Ann Hepatobiliary Pancreat Surg.  2022 Nov;26(4):347-354. 10.14701/ahbps.22-002.

Outcomes and predictors of response to endotherapy in pancreatic ductal disruptions with refractory internal and high-output external fistulae

Affiliations
  • 1Department of Gastroenterology, King Edward Memorial Hospital and Seth Gordhandas Sunderdas Medical College, Mumbai, India

Abstract

Backgrounds/Aims
Endoscopic retrograde cholangiopancreatography (ERCP) remains the primary treatment for a subset of patients with pancreatic fistulae. The objective of this study was reporting outcomes of ERCP and predictors of resolution in patients with pancreatic fistulae refractory to conservative therapy.
Methods
Retrospective review of patients who underwent ERCP and pancreatic stent placement for pancreatic fistula not responding to medical therapy was performed. Clinical features, laboratory parameters, radiological features and pancreatogram findings were noted. Clinical resolution of fistula was the primary outcome measure.
Results
Sixty-eight patients underwent ERCP for high-output pancreatic fistula (Mean age 34.1 years, 91.1% males, 35/68 chronic pancreatitis, 52.9% alcohol etiology). Internal fistulae (pancreatic ascites, pleural effusion, or pericardial effusion) were seen in 55 (80.9%) patients and external fistula in 13 (19.1%) patients. Technical success for ERCP was 92.6% (63/68). Leak was seen in 98.4% (62/63). The most common leak site was body (69.8%). Multiple leak sites were seen in 23.1%. Pancreatic stricture was found in 36.5%. In 44 (69.4%) patients, stent was placed beyond the site of the leak. Resolution at six weeks was achieved in 76.4% (52/68). On univariate and multivariate analyses, placement of stent beyond site of leak was significantly associated with resolution of high-output fistulae (3/41 [7.3%] vs. 5/19 [26.3%], p = 0.03; odds ratio: 6.5, 95% confidence interval: 1.211–34.94).
Conclusions
In our experience, ERCP was successful in 76% of patients with pancreatic fistulae refractory to conservative therapy. Stent placement beyond the site of leak was associated with higher resolution of fistulae.

Keyword

Pancreatic fistula; Chronic pancreatitis; Acute pancreatitis; Endoscopic retrograde cholangiopancreatography

Figure

  • Fig. 1 Magnetic resonance cholangiopancreatography showing pancreatic leak (arrow) from the tail in a patient with ductal disruption and associated pseudocyst in the neck and proximal body of pancreas. CBD, common bile duct; PD, pancreatic duct; GB, gall bladder.

  • Fig. 2 (A) Native papilla in a patient with pancreatic pleural effusion and obstructive jaundice. (B) Pancreatogram showing leak in the tail of pancreas (arrow). (C) Pancreatic stent placement done to bridge the leak after sphincterotomy. (D) Stricture in distal common bile duct (CBD) on cholangiogram. (E) Plastic stent placement done in the distal CBD. (F) Fluoroscopic image showing stents in both CBD and pancreatic duct.

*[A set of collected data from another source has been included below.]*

definition ext_valid :: "nat \<Rightarrow> 'a mon \<Rightarrow> 'a mon \<Rightarrow> bool" where
  "ext_valid d m n \<longleftrightarrow> (\<forall>\<rho> V. ext_closed_env d \<rho> \<longrightarrow> V \<noteq> End \<longrightarrow> lang V \<rho> m = lang V \<rho> n)"

lemma verdict_equiv_ext_valid:
  fixes m n :: "'a mon"
  assumes "verdict_equiv m n" and "depth m < d" and "depth n < d" and "\<exists>a b :: 'a. a \<noteq> b"
  shows "ext_valid d m n"
  unfolding ext_valid_def
  using verdict_equiv_lang_subset[OF assms(1-3) _ _ assms(4)]
    verdict_equiv_lang_subset[OF verdict_equiv_sym[OF assms(1)] assms(3,2) _ _ assms(4)]
  by blast

lemma ext_valid_subst: "ext_valid d m n \<Longrightarrow> ext_valid d (subst \<sigma> m) (subst \<sigma> n)"
  unfolding ext_valid_def lang_subst by (simp add: ext_closed_env_subst)

lemma derivable_ext_valid:
  fixes E :: "('a mon \<times> 'a mon) set"
  assumes "derivable E m n"
    and "\<And>m n. (m, n) \<in> E \<Longrightarrow> verdict_equiv m n \<and> depth m < d \<and> depth n < d"
    and "\<exists>a b :: 'a. a \<noteq> b"
  shows "ext_valid d m n"
  using assms(1)
proof induction
  case (ax m n)
  then show ?case
    using assms(2,3) verdict_equiv_ext_valid by blast
next
  case (inst m n \<sigma>)
  then show ?case
    using ext_valid_subst by blast
qed (auto simp: ext_valid_def)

  • Fig. 3 Pancreatogram showing disruption in distal body of pancreas (arrow) having a percutaneous drain in peripancreatic collection, with wire passing into the collection.

  • Fig. 4 Pancreatogram showing stricture in region of head (white arrow) with leak from tail of pancreas (black arrow).

  • Fig. 5 Flow diagram of study outcomes. PD, pancreatic duct; ERCP, endoscopic retrograde cholangiopancreatography.